When duplicate ACKs arrive after SACK was negotiated, make sure that SACK processing only happens with actual SACK blocks are also present in the TCP option of the ACK. Otherwise, the normal newreno processing path would be taken.

And as always, the retransmission timer remains as ultimate fallback, thus any problematic TCP sessions would only exhibit poor performance under loss, but no catastrophic failure (stall / closing of the session).

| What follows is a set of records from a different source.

lemma profile_le_minus_slope:
  assumes "s > 0" "c > 0" "a < 0" "-c*s^2/a \<le> u"
  shows "profile a c s u \<le> -c"
proof -
  have "a*u \<le> a*(-c*s^2/a)" using assms(3,4) by (intro mult_left_mono_neg) auto
  then have au: "c*s^2 \<le> -a*u" using assms(3) by simp
  moreover have "c*s^2 > 0" using assms(1,2) by simp
  ultimately have "0 < (-a) * u" by linarith
  then have u: "u > 0" by (rule zero_less_mult_pos) (use assms(3) in simp)
  define r where "r = sqrt (s^2 + u^2)"
  have r: "r > 0" "r > u" "r^2 = s^2 + u^2"
    using assms unfolding r_def by (auto intro: real_less_rsqrt simp: add_pos_nonneg)
  have "(c*(r - u)) * (r + u) = c*s^2"
    using r(3) by (simp add: algebra_simps power2_eq_square)
  also have "\<dots> \<le> (-a) * u" using au by simp
  also have "\<dots> \<le> (-a) * (r + u)" using assms(3) r by (intro mult_left_mono) auto
  finally have "c*(r - u) \<le> -a"
    by (rule mult_right_le_imp_le) (use r u in linarith)
  then have "a - c*u \<le> -c*r" by (simp add: algebra_simps)
  then show ?thesis
    unfolding profile_def r_def[symmetric] using r by (simp add: divide_le_eq)
qed

lemma tendsto_profile_at_top: "(profile a c s \<longlongrightarrow> -c) at_top"
proof -
  have "((\<lambda>u. (a * inverse u - c) / sqrt ((s * inverse u)^2 + 1))
          \<longlongrightarrow> (a * 0 - c) / sqrt ((s * 0)^2 + 1)) at_top"
    by (intro tendsto_intros tendsto_inverse_0_at_top filterlim_ident) simp
  moreover have "\<forall>\<^sub>F u in at_top. (a * inverse u - c) / sqrt ((s * inverse u)^2 + 1) = profile a c s u"
    using eventually_gt_at_top[of 0]
  proof eventually_elim
    case (elim u)
    then have "sqrt ((s * inverse u)^2 + 1) = sqrt (s^2 + u^2) / u"
      by (simp add: field_simps real_sqrt_divide)
    then show ?case
      using elim by (simp add: profile_def field_simps)
  qed
  ultimately show ?thesis by (simp add: tendsto_cong)
qed

lemma profile_le_max:
  assumes s: "s > 0" and c: "c > 0" and u: "u0 \<le> u"
  shows "profile a c s u \<le> max (profile a c s u0) (max (profile a c s (profile_critical a c s u0)) (-c))"
proof (cases "a = 0")
  case True
  have "profile a c s u \<le> profile a c s u0"
    by (rule profile_decreasing[OF s u]) (use True s c in auto)
  then show ?thesis by auto
next
  case False
  define w where "w = -c*s^2/a"
  have aw: "a*w = -(c*s^2)" using False by (simp add: w_def)
  consider "a > 0" "u0 \<le> w" | "a > 0" "w < u0" | "a < 0" "u \<le> w" | "a < 0" "w < u"
    using False by linarith
  then show ?thesis
  proof cases
    case 1
    have "profile a c s u \<le> profile a c s w"
    proof (cases "u \<le> w")
      case True
      show ?thesis
        by (rule profile_increasing[OF s True]) (use 1 in \<open>auto simp flip: aw intro: mult_left_mono\<close>)
    next
      case False
      show ?thesis
        by (rule profile_decreasing[OF s]) (use 1 False in \<open>auto simp flip: aw intro: mult_left_mono\<close>)
    qed
    then show ?thesis using 1 unfolding profile_critical_def w_def by auto
  next
    case 2
    have "profile a c s u \<le> profile a c s u0"
      by (rule profile_decreasing[OF s u]) (use 2 in \<open>auto simp flip: aw intro: mult_left_mono\<close>)
    then show ?thesis by auto
  next
    case 3
    have "profile a c s u \<le> profile a c s u0"
      by (rule profile_decreasing[OF s u]) (use 3 in \<open>auto simp flip: aw intro: mult_left_mono_neg\<close>)
    then show ?thesis by auto
  next
    case 4
    then have "profile a c s u \<le> -c"
      using profile_le_minus_slope[OF s c] unfolding w_def by simp
    then show ?thesis by auto
  qed
qed

lemma SUP_profile:
  assumes s: "s > 0" and c: "c > 0"
  shows "(SUP u\<in>{u0..}. profile a c s u)
           = max (profile a c s u0) (max (profile a c s (profile_critical a c s u0)) (-c))"
    (is "?S = ?M")
proof (rule antisym)
  have ub: "\<And>u. u \<in> {u0..} \<Longrightarrow> profile a c s u \<le> ?M"
    using profile_le_max[OF s c] by simp
  then show "?S \<le> ?M" by (intro cSUP_least) auto
  have bdd: "bdd_above (profile a c s ` {u0..})"
    using ub by (intro bdd_aboveI2) auto
  have "profile_critical a c s u0 \<ge> u0"
    unfolding profile_critical_def by simp
  then have "profile a c s u0 \<le> ?S" "profile a c s (profile_critical a c s u0) \<le> ?S"
    by (auto intro: cSUP_upper[OF _ bdd])
  moreover have "-c \<le> ?S"
  proof (rule tendsto_le[OF trivial_limit_at_top_linorder tendsto_const tendsto_profile_at_top])
    show "\<forall>\<^sub>F u in at_top. profile a c s u \<le> ?S"
      using eventually_ge_at_top[of u0] by eventually_elim (auto intro: cSUP_upper[OF _ bdd])
  qed
  ultimately show "?M \<le> ?S" by simp
qed

lemma image_affine_atLeast:
  fixes c mu :: real
  assumes c: "c > 0"
  shows "(\<lambda>z. (z - mu) * c) ` {0..} = {(0 - mu) * c..}"
proof (intro equalityI subsetI)
  fix u assume "u \<in> {(0 - mu) * c..}"
  then have "u = ((u/c + mu) - mu) * c" "u/c + mu \<ge> 0"
    using c by (auto simp: field_simps)
  then show "u \<in> (\<lambda>z. (z - mu) * c) ` {0..}" by (intro image_eqI) auto
qed (use c in \<open>auto simp: algebra_simps\<close>)

lemma sum_power2_diff_shift:
  fixes x :: "'a \<Rightarrow> real"
  assumes "(\<Sum>i\<in>A. x i) = real (card A) * mu"
  shows "(\<Sum>i\<in>A. (x i - m)^2) = (\<Sum>i\<in>A. (x i - mu)^2) + real (card A) * (mu - m)^2"
proof -
  have "(\<Sum>i\<in>A. x i - mu) = 0" using assms by (simp add: sum_subtractf)
  moreover have "\<And>i. (x i - m)^2 = (x i - mu)^2 + 2*(mu - m)*(x i - mu) + (mu - m)^2"
    by (simp add: power2_eq_square algebra_simps)
  ultimately show ?thesis
    by (simp add: sum.distrib flip: sum_distrib_left)
qed

lemma sigma_z_eq_sigma_hat:
  assumes n: "n \<ge> 1"
  shows "sigma_z n E j z = sqrt ((sigma_hat n E j)^2 + (z - mu_hat n E j)^2 / (real n + 1))"
proof -
  define mu where "mu = mu_hat n E j"
  define m where "m = mu_z n E j z"
  have N: "real n > 0" using n by simp
  have sum: "(\<Sum>i=1..n. E i j) = real n * mu"
    using N unfolding mu_def mu_hat_def by simp
  have "m = (real n * mu + z) / (real n + 1)"
    unfolding m_def mu_z_def sum by simp
  then have "real n * (mu - m)^2 + (z - m)^2 = real n * (z - mu)^2 / (real n + 1)"
    using N by (simp add: divide_simps) algebra
  then have "(\<Sum>i=1..n. (E i j - m)^2) + (z - m)^2
               = (\<Sum>i=1..n. (E i j - mu)^2) + real n * ((z - mu)^2 / (real n + 1))"
    using sum_power2_diff_shift[of "\<lambda>i. E i j" "{1..n}" mu m] sum by simp
  then have "((\<Sum>i=1..n. (E i j - m)^2) + (z - m)^2) / real n
               = (\<Sum>i=1..n. (E i j - mu)^2) / real n + (z - mu)^2 / (real n + 1)"
    using N by (simp add: add_divide_distrib)
  moreover have "(sigma_hat n E j)^2 = (\<Sum>i=1..n. (E i j - mu)^2) / real n"
    unfolding sigma_hat_def mu_def by (simp add: sum_nonneg)
  ultimately show ?thesis
    unfolding sigma_z_def m_def[symmetric] mu_def[symmetric] by simp
qed

lemma score_eq_profile:
  assumes n: "n \<ge> 1"
  defines "c \<equiv> 1 / sqrt (real n + 1)"
  shows "score n E j tj z
           = profile (tj - mu_hat n E j) c (sigma_hat n E j) ((z - mu_hat n E j) * c)"
proof -
  define mu where "mu = mu_hat n E j"
  have cc: "c * c = 1 / (real n + 1)" unfolding c_def by simp
  have "real n * mu = (\<Sum>i=1..n. E i j)" unfolding mu_def mu_hat_def using n by simp
  then have "mu_z n E j z = mu + (z - mu) / (real n + 1)"
    unfolding mu_z_def by (simp add: field_simps)
  also have "\<dots> = mu + (z - mu) * (c * c)" by (simp add: cc)
  also have "(z - mu) * (c * c) = c * ((z - mu) * c)" by (simp only: mult_ac)
  finally have "mu_z n E j z = mu + c * ((z - mu) * c)" .
  moreover have "((z - mu) * c)^2 = (z - mu)^2 / (real n + 1)"
    unfolding power_mult_distrib power2_eq_square[of c] cc by simp
  ultimately show ?thesis
    unfolding score_def profile_def sigma_z_eq_sigma_hat[OF n] mu_def by (simp add: algebra_simps)
qed

lemma z_star_eq_profile_critical:
  assumes "c > 0"
  shows "(z_star n E j tj - mu_hat n E j) * c
           = profile_critical (tj - mu_hat n E j) c (sigma_hat n E j) ((0 - mu_hat n E j) * c)"
proof -
  define mu s where "mu = mu_hat n E j" and "s = sigma_hat n E j"
  define a where "a = tj - mu"
  have "(tj \<noteq> mu) = (a \<noteq> 0)" unfolding a_def by simp
  moreover have "-c*s^2/a = (mu - s^2/a - mu) * c" by (simp add: algebra_simps)
  moreover have "(-mu*c \<le> -c*s^2/a) \<longleftrightarrow> s^2/a \<le> mu" using assms
    by (simp add: algebra_simps mult_le_cancel_left_pos flip: times_divide_eq_right)
  ultimately show ?thesis
    unfolding profile_critical_def z_star_def mu_def[symmetric] s_def[symmetric] a_def[symmetric]
    by auto
qed

lemma SUP_score:
  assumes n: "n \<ge> 1" and s: "sigma_hat n E j > 0"
  shows "(SUP z\<in>{0::real..}. score n E j tj z) =
    max (score n E j tj 0) (max (score n E j tj (z_star n E j tj)) (- 1 / sqrt (real n + 1)))"
proof -
  define c where "c = 1 / sqrt (real n + 1)"
  define mu where "mu = mu_hat n E j"
  have c: "c > 0" unfolding c_def by simp
  have "(SUP z\<in>{0..}. score n E j tj z)
          = (SUP u\<in>(\<lambda>z. (z - mu) * c) ` {0..}. profile (tj - mu) c (sigma_hat n E j) u)"
    unfolding score_eq_profile[OF n] c_def[symmetric] mu_def image_image ..
  also have "\<dots> = max (score n E j tj 0) (max (score n E j tj (z_star n E j tj)) (-c))"
    unfolding image_affine_atLeast[OF c] SUP_profile[OF s c] score_eq_profile[OF n]
      z_star_eq_profile_critical[OF c] c_def[symmetric] mu_def ..
  finally show ?thesis unfolding c_def by simp
qed

theorem lemma3p3:
  fixes n d :: nat and E :: "nat \<Rightarrow> nat \<Rightarrow> real" and t :: "nat \<Rightarrow> real"
  assumes "n \<ge> 2" and "d \<ge> 1"
    and "\<forall>i\<in>{1..n}. \<forall>j\<in>{1..d}. E i j \<ge> 0"
    and "\<forall>j\<in>{1..d}. sigma_hat n E j > 0"
    and "\<forall>j\<in>{1..d}. t j \<ge> 0"
  shows "Phi_gwc n d E t =
    Max ((\<lambda>j. max (score n E j (t j) 0)
                  (max (score n E j (t j) (z_star n E j (t j))) (- 1 / sqrt (real n + 1)))) ` {1..d})"
proof -
  have "\<And>j. j \<in> {1..d} \<Longrightarrow> (SUP z\<in>{0..}. score n E j (t j) z) =
          max (score n E j (t j) 0) (max (score n E j (t j) (z_star n E j (t j))) (- 1 / sqrt (real n + 1)))"
    using assms(1,4) by (simp add: SUP_score)
  then show ?thesis
    unfolding Phi_gwc_def by (auto intro!: arg_cong[where f = Max] image_cong)
qed

end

Comment 2 Richard Scheffenegger freebsd_committer freebsd_triage 2021-02-26 10:21:43 UTC
Fix under discussion: https://reviews.freebsd.org/D28634
Comment 3 Michael Tuexen freebsd_committer freebsd_triage 2021-07-01 23:08:51 UTC
The fix under discussion has been committed.